• STUDY MATERIAL:
(* A skew-convex function $f\colon X\to K$ is skew invertible if and only if $f(X)\subseteq K^*$ and for every $x\in X$ there exists $a\in K^*$ such that $f({}^{a}x)=a^{-1}$.
   Context: Let $K$ be a skew field, $K^*=K\setminus\{0\}$, and $X$ a nonempty set with a left $K^*$-action $(a,x)\mapsto{}^{a}x$. $\mathcal F(X)$ is the set of functions $X\to K$ with pointwise addition; the constant function with value $a\in K$ is denoted $a$. The skew product is $(f\diamond g)(x)=f({}^{g(x)}x)\,g(x)$ if $g(x)\neq0$ and $0$ if $g(x)=0$. A function $f$ is skew convex if $f\diamond(a+b)=f\diamond a+f\diamond b$ for all $a,b\in K$. $f$ is skew invertible if there is $g\in\mathcal F(X)$ with $f\diamond g=g\diamond f=1$. *)

theory Defs
  imports Main
begin

text \<open>A skew field K is modelled by a type of class division_ring; the set X by a type 'x
(types are nonempty). A left action of the multiplicative group K* on X is a function
act :: 'k => 'x => 'x whose values at a = 0 are irrelevant.\<close>

definition left_action :: "('k::division_ring \<Rightarrow> 'x \<Rightarrow> 'x) \<Rightarrow> bool" where
  "left_action act \<longleftrightarrow>
     (\<forall>x. act 1 x = x) \<and>
     (\<forall>a b x. a \<noteq> 0 \<longrightarrow> b \<noteq> 0 \<longrightarrow> act (a * b) x = act a (act b x))"

definition skew_prod ::
  "('k::division_ring \<Rightarrow> 'x \<Rightarrow> 'x) \<Rightarrow> ('x \<Rightarrow> 'k) \<Rightarrow> ('x \<Rightarrow> 'k) \<Rightarrow> 'x \<Rightarrow> 'k" where
  "skew_prod act f g = (\<lambda>x. if g x = 0 then 0 else f (act (g x) x) * g x)"

definition skew_convex :: "('k::division_ring \<Rightarrow> 'x \<Rightarrow> 'x) \<Rightarrow> ('x \<Rightarrow> 'k) \<Rightarrow> bool" where
  "skew_convex act f \<longleftrightarrow>
     (\<forall>a b. skew_prod act f (\<lambda>_. a + b) =
            (\<lambda>x. skew_prod act f (\<lambda>_. a) x + skew_prod act f (\<lambda>_. b) x))"

definition skew_invertible :: "('k::division_ring \<Rightarrow> 'x \<Rightarrow> 'x) \<Rightarrow> ('x \<Rightarrow> 'k) \<Rightarrow> bool" where
  "skew_invertible act f \<longleftrightarrow>
     (\<exists>g. skew_prod act f g = (\<lambda>_. 1) \<and> skew_prod act g f = (\<lambda>_. 1))"

end

theory Submission
  imports Defs
begin

(* Evaluated at a point x, f <> g = 1 says exactly that a = g x is a nonzero solution of
   f(a.x) = a^-1, so f has a right skew inverse iff every x admits such an a.  Skew convexity makes
   a |-> (f <> a)(x) additive, and since f does not vanish its kernel is trivial, so that solution
   is unique.  The left inverse condition g <> f = 1 at x asks g(f(x).x) = f(x)^-1; and f(x)^-1 is
   a solution at f(x).x because the action of f(x)^-1 undoes that of f(x), so uniqueness gives it. *)

lemma skew_prod_eq_1_iff:
  "skew_prod act f g x = 1 \<longleftrightarrow> g x \<noteq> 0 \<and> f (act (g x) x) = inverse (g x)"
  (is "?l \<longleftrightarrow> ?r")
proof
  assume ?l
  then have "g x \<noteq> 0" and "f (act (g x) x) * g x = 1"
    by (auto simp: skew_prod_def split: if_splits)
  then show ?r
    by (metis inverse_unique inverse_inverse_eq)
next
  assume ?r
  then show ?l by (simp add: skew_prod_def)
qed

lemma left_action_inverse_cancel:
  assumes "left_action act" and "a \<noteq> 0"
  shows "act (inverse a) (act a x) = x"
  using assms unfolding left_action_def by (metis inverse_nonzero_iff_nonzero left_inverse)

lemma skew_convex_const_add:
  assumes "skew_convex act f"
  shows "skew_prod act f (\<lambda>_. a + b) x = skew_prod act f (\<lambda>_. a) x + skew_prod act f (\<lambda>_. b) x"
  using assms unfolding skew_convex_def by metis

lemma skew_prod_const_eq_0_iff:
  assumes "\<forall>x. f x \<noteq> 0"
  shows "skew_prod act f (\<lambda>_. a) x = 0 \<longleftrightarrow> a = 0"
  using assms by (simp add: skew_prod_def)

lemma skew_convex_inverse_fixpoint_unique:
  assumes "skew_convex act f" and "\<forall>x. f x \<noteq> 0"
    and "a \<noteq> 0" "f (act a x) = inverse a"
    and "b \<noteq> 0" "f (act b x) = inverse b"
  shows "a = b"
proof -
  have "skew_prod act f (\<lambda>_. a) x = 1" "skew_prod act f (\<lambda>_. b) x = 1"
    using assms(3-6) by (simp_all add: skew_prod_eq_1_iff)
  moreover have "skew_prod act f (\<lambda>_. a) x =
      skew_prod act f (\<lambda>_. b) x + skew_prod act f (\<lambda>_. a - b) x"
    using skew_convex_const_add[OF assms(1), of b "a - b"] by simp
  ultimately have "skew_prod act f (\<lambda>_. a - b) x = 0" by simp
  then show "a = b"
    using skew_prod_const_eq_0_iff[OF assms(2)] by simp
qed

lemma skew_invertible_imp_nonzero:
  assumes "skew_invertible act f"
  shows "f x \<noteq> 0"
proof -
  from assms obtain g where "skew_prod act g f = (\<lambda>_. 1)"
    unfolding skew_invertible_def by blast
  then show ?thesis
    by (simp add: fun_eq_iff skew_prod_eq_1_iff)
qed

lemma skew_invertible_imp_inverse_fixpoint:
  assumes "skew_invertible act f"
  shows "\<exists>a. a \<noteq> 0 \<and> f (act a x) = inverse a"
proof -
  from assms obtain g where "skew_prod act f g = (\<lambda>_. 1)"
    unfolding skew_invertible_def by blast
  then have "g x \<noteq> 0 \<and> f (act (g x) x) = inverse (g x)"
    by (simp add: fun_eq_iff skew_prod_eq_1_iff)
  then show ?thesis by blast
qed

lemma skew_invertibleI:
  assumes "left_action act" and "skew_convex act f" and nonzero: "\<forall>x. f x \<noteq> 0"
    and solvable: "\<forall>x. \<exists>a. a \<noteq> 0 \<and> f (act a x) = inverse a"
  shows "skew_invertible act f"
proof -
  define g where "g x = (SOME a. a \<noteq> 0 \<and> f (act a x) = inverse a)" for x
  have g: "g x \<noteq> 0 \<and> f (act (g x) x) = inverse (g x)" for x
    unfolding g_def using solvable[rule_format, of x] by (rule someI_ex)
  have "skew_prod act f g = (\<lambda>_. 1)"
    using g by (simp add: fun_eq_iff skew_prod_eq_1_iff)
  moreover have "skew_prod act g f = (\<lambda>_. 1)"
  proof (rule ext)
    fix x
    have fx: "f x \<noteq> 0" using nonzero by blast
    let ?y = "act (f x) x"
    have "f (act (inverse (f x)) ?y) = inverse (inverse (f x))"
      using left_action_inverse_cancel[OF assms(1) fx] by simp
    then have "g ?y = inverse (f x)"
      using skew_convex_inverse_fixpoint_unique[OF assms(2) nonzero, of "g ?y" ?y "inverse (f x)"]
        g[of ?y] fx by simp
    then show "skew_prod act g f x = 1"
      using fx by (simp add: skew_prod_eq_1_iff)
  qed
  ultimately show ?thesis
    unfolding skew_invertible_def by blast
qed

theorem proposition2p10:
  fixes act :: "'k::division_ring \<Rightarrow> 'x \<Rightarrow> 'x" and f :: "'x \<Rightarrow> 'k"
  assumes "left_action act"
    and "skew_convex act f"
  shows "skew_invertible act f \<longleftrightarrow>
           ((\<forall>x. f x \<noteq> 0) \<and> (\<forall>x. \<exists>a. a \<noteq> 0 \<and> f (act a x) = inverse a))"
proof
  assume inv: "skew_invertible act f"
  show "(\<forall>x. f x \<noteq> 0) \<and> (\<forall>x. \<exists>a. a \<noteq> 0 \<and> f (act a x) = inverse a)"
    using skew_invertible_imp_nonzero[OF inv] skew_invertible_imp_inverse_fixpoint[OF inv]
    by blast
next
  assume "(\<forall>x. f x \<noteq> 0) \<and> (\<forall>x. \<exists>a. a \<noteq> 0 \<and> f (act a x) = inverse a)"
  then show "skew_invertible act f"
    by (elim conjE) (rule skew_invertibleI[OF assms])
qed

end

• THE TASK: Out of the records, collect only those lines that contain the string "assms".

• RESPONSE:
  using assms unfolding left_action_def by (metis inverse_nonzero_iff_nonzero left_inverse)
  using assms unfolding skew_convex_def by metis
  using assms by (simp add: skew_prod_def)
    using assms(3-6) by (simp_all add: skew_prod_eq_1_iff)
    using skew_convex_const_add[OF assms(1), of b "a - b"] by simp
    using skew_prod_const_eq_0_iff[OF assms(2)] by simp
  from assms obtain g where "skew_prod act g f = (\<lambda>_. 1)"
  from assms obtain g where "skew_prod act f g = (\<lambda>_. 1)"
      using left_action_inverse_cancel[OF assms(1) fx] by simp
      using skew_convex_inverse_fixpoint_unique[OF assms(2) nonzero, of "g ?y" ?y "inverse (f x)"]
    by (elim conjE) (rule skew_invertibleI[OF assms])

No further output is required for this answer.